Entries supplied:
+---+

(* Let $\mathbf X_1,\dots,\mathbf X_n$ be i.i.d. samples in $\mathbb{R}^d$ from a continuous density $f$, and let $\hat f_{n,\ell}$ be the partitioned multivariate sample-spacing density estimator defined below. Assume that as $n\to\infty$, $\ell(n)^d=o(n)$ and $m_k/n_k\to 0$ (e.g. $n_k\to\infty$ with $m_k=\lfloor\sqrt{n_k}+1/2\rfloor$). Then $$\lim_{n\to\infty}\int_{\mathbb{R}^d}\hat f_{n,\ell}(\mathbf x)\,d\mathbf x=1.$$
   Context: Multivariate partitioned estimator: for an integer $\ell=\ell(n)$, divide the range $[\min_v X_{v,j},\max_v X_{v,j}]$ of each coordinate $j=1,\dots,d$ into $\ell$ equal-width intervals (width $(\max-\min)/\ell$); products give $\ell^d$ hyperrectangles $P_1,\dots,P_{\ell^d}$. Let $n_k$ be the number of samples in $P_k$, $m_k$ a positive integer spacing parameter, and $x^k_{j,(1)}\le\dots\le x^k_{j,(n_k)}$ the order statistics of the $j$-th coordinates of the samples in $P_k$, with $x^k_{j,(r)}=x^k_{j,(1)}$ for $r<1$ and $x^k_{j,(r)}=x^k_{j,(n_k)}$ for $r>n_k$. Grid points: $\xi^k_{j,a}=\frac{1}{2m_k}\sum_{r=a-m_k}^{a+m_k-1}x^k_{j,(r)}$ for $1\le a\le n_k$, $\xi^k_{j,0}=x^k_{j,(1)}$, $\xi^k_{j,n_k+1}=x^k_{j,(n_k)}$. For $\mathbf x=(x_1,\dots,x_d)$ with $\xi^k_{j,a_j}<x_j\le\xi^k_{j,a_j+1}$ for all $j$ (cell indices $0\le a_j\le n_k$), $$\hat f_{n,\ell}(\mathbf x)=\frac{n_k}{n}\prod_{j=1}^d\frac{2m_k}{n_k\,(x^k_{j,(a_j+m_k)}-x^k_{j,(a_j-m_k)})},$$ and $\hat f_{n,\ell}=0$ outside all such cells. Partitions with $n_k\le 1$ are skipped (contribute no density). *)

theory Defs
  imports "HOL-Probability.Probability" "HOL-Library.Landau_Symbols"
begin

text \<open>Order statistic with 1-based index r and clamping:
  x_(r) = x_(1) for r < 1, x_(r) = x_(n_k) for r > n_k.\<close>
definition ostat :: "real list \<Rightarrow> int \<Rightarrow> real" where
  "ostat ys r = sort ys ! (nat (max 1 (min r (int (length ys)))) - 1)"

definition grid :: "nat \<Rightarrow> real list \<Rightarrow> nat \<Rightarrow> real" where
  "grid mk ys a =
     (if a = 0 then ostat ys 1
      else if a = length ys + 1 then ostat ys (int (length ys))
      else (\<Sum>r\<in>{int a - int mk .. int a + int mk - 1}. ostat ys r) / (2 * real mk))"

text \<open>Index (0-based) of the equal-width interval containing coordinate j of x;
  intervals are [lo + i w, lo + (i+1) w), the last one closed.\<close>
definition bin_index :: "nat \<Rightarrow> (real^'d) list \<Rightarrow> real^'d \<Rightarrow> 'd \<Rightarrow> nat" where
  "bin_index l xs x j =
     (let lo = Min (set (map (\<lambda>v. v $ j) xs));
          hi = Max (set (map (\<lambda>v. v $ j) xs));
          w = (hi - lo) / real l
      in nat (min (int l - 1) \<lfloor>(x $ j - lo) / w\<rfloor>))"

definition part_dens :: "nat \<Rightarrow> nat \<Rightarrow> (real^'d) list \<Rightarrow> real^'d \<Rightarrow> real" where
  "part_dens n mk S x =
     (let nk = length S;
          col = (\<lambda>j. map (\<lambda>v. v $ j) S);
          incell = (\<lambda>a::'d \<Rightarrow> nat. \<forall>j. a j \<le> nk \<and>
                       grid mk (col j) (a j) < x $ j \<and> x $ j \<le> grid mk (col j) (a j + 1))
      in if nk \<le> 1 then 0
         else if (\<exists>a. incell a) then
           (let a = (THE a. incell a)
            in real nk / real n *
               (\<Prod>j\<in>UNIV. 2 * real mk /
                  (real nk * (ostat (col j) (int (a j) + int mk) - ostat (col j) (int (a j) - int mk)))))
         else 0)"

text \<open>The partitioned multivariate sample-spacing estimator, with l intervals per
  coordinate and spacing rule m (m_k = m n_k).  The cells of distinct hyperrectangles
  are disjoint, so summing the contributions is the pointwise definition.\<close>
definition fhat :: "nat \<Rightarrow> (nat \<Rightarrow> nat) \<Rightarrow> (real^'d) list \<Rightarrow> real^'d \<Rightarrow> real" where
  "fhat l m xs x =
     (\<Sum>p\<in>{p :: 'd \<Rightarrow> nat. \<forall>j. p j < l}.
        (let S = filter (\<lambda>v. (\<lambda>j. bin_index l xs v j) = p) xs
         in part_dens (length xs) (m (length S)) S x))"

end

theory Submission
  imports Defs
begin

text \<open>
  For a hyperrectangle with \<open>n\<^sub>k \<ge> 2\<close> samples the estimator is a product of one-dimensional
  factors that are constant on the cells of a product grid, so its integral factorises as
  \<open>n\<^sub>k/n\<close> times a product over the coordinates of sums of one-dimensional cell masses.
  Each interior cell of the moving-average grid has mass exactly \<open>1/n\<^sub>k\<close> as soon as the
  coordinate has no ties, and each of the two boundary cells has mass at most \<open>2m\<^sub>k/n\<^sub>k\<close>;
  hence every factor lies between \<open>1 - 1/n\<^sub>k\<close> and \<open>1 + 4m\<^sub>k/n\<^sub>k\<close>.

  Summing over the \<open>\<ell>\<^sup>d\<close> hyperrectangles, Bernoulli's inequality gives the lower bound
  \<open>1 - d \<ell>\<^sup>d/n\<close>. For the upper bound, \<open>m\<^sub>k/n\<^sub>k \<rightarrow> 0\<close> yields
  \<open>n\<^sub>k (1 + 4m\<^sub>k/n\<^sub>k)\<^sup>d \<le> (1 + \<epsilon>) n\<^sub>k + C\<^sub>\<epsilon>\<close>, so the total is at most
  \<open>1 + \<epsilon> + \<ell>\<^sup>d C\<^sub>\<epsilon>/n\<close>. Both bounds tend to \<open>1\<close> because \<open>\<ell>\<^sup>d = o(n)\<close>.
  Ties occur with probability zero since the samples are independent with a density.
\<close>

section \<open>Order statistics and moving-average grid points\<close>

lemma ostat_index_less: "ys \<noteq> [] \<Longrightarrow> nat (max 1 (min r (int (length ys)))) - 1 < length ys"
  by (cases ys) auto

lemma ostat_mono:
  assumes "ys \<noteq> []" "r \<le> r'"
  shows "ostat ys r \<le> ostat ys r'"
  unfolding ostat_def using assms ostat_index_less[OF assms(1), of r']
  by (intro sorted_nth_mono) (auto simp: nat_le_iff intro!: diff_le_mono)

+---+

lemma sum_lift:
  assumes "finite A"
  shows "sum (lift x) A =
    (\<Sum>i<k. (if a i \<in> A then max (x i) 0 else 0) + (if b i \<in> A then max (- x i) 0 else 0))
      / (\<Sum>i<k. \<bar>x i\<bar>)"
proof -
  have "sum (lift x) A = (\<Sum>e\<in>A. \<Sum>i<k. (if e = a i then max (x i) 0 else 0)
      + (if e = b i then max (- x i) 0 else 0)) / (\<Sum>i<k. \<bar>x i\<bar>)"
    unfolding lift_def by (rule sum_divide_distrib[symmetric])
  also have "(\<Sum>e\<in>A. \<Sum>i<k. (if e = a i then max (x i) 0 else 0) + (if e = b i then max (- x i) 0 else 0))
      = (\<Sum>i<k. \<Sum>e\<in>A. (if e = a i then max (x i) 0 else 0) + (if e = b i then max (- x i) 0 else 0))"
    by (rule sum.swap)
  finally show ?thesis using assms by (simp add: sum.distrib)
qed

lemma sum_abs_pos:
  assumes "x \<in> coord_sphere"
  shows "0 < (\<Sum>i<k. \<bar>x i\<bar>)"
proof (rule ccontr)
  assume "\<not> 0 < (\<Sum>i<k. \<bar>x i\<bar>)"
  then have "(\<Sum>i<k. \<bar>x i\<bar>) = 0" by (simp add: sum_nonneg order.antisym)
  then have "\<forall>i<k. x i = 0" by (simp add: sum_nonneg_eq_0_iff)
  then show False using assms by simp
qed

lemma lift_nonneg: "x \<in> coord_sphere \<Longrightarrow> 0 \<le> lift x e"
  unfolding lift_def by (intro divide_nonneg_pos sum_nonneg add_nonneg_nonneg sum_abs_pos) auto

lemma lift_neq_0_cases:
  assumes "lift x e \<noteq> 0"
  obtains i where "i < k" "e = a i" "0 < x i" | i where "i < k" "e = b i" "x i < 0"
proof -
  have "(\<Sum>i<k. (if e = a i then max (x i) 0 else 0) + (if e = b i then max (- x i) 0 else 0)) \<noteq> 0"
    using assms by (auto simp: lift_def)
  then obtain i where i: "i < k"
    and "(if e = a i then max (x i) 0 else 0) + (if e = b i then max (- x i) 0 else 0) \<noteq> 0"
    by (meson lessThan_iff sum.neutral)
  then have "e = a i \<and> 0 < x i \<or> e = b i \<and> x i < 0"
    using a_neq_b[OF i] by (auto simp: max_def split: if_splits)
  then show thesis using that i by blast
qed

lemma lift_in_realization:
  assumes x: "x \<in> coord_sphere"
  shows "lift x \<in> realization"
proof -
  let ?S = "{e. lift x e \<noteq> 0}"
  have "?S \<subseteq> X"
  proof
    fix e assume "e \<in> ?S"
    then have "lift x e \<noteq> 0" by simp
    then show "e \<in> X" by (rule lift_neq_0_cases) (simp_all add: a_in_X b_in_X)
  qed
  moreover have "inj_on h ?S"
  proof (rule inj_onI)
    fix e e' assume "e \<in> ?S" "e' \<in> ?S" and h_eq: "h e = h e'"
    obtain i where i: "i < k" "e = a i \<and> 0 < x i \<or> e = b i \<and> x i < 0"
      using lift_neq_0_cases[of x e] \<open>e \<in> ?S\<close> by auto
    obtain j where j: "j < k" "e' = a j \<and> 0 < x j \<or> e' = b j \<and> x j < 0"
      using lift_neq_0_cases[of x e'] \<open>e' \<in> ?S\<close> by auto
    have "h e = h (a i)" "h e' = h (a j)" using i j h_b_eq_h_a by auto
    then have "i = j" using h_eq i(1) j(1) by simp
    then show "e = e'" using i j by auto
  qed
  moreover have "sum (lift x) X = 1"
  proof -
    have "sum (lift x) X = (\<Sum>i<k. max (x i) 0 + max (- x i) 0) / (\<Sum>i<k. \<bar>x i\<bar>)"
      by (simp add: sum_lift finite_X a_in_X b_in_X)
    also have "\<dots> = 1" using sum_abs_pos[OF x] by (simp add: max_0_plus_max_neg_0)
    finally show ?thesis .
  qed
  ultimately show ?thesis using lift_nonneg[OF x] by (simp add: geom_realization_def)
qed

+---+

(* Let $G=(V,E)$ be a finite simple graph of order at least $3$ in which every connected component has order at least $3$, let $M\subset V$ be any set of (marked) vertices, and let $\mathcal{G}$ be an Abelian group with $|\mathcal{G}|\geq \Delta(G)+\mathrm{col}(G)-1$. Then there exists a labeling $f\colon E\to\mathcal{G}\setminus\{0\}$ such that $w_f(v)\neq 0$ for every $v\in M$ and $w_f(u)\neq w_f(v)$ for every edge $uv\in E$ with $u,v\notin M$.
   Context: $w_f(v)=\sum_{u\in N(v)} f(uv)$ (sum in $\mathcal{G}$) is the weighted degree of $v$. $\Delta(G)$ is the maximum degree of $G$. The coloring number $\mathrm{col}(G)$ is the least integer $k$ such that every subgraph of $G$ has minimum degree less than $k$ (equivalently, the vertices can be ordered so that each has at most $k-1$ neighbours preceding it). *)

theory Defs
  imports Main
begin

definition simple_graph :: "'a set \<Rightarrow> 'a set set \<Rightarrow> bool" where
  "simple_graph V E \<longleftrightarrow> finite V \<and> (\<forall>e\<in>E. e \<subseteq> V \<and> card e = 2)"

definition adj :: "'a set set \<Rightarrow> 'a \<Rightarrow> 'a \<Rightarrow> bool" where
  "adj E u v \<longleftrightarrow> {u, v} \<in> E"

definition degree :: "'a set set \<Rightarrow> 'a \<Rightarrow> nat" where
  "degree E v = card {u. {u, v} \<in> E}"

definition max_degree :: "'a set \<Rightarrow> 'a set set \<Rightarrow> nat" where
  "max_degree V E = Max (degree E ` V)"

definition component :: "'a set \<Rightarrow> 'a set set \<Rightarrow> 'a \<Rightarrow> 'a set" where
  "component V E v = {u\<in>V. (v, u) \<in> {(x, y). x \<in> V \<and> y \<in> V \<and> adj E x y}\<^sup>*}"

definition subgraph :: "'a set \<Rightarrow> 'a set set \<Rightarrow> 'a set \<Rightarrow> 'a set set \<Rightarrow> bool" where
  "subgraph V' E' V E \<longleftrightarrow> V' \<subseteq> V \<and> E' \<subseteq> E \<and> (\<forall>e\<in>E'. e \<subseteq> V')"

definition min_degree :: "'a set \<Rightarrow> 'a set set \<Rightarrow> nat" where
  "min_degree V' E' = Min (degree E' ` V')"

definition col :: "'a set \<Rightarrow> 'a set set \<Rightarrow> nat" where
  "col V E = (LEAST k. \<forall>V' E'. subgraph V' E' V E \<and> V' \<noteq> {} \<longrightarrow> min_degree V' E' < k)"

+---+

Action item: Filter the records for the word "thesis" and show every line that has it.

Written answer:
  finally show ?thesis using assms by (simp add: sum.distrib)
  then show thesis using that i by blast
    finally show ?thesis .
  ultimately show ?thesis using lift_nonneg[OF x] by (simp add: geom_realization_def)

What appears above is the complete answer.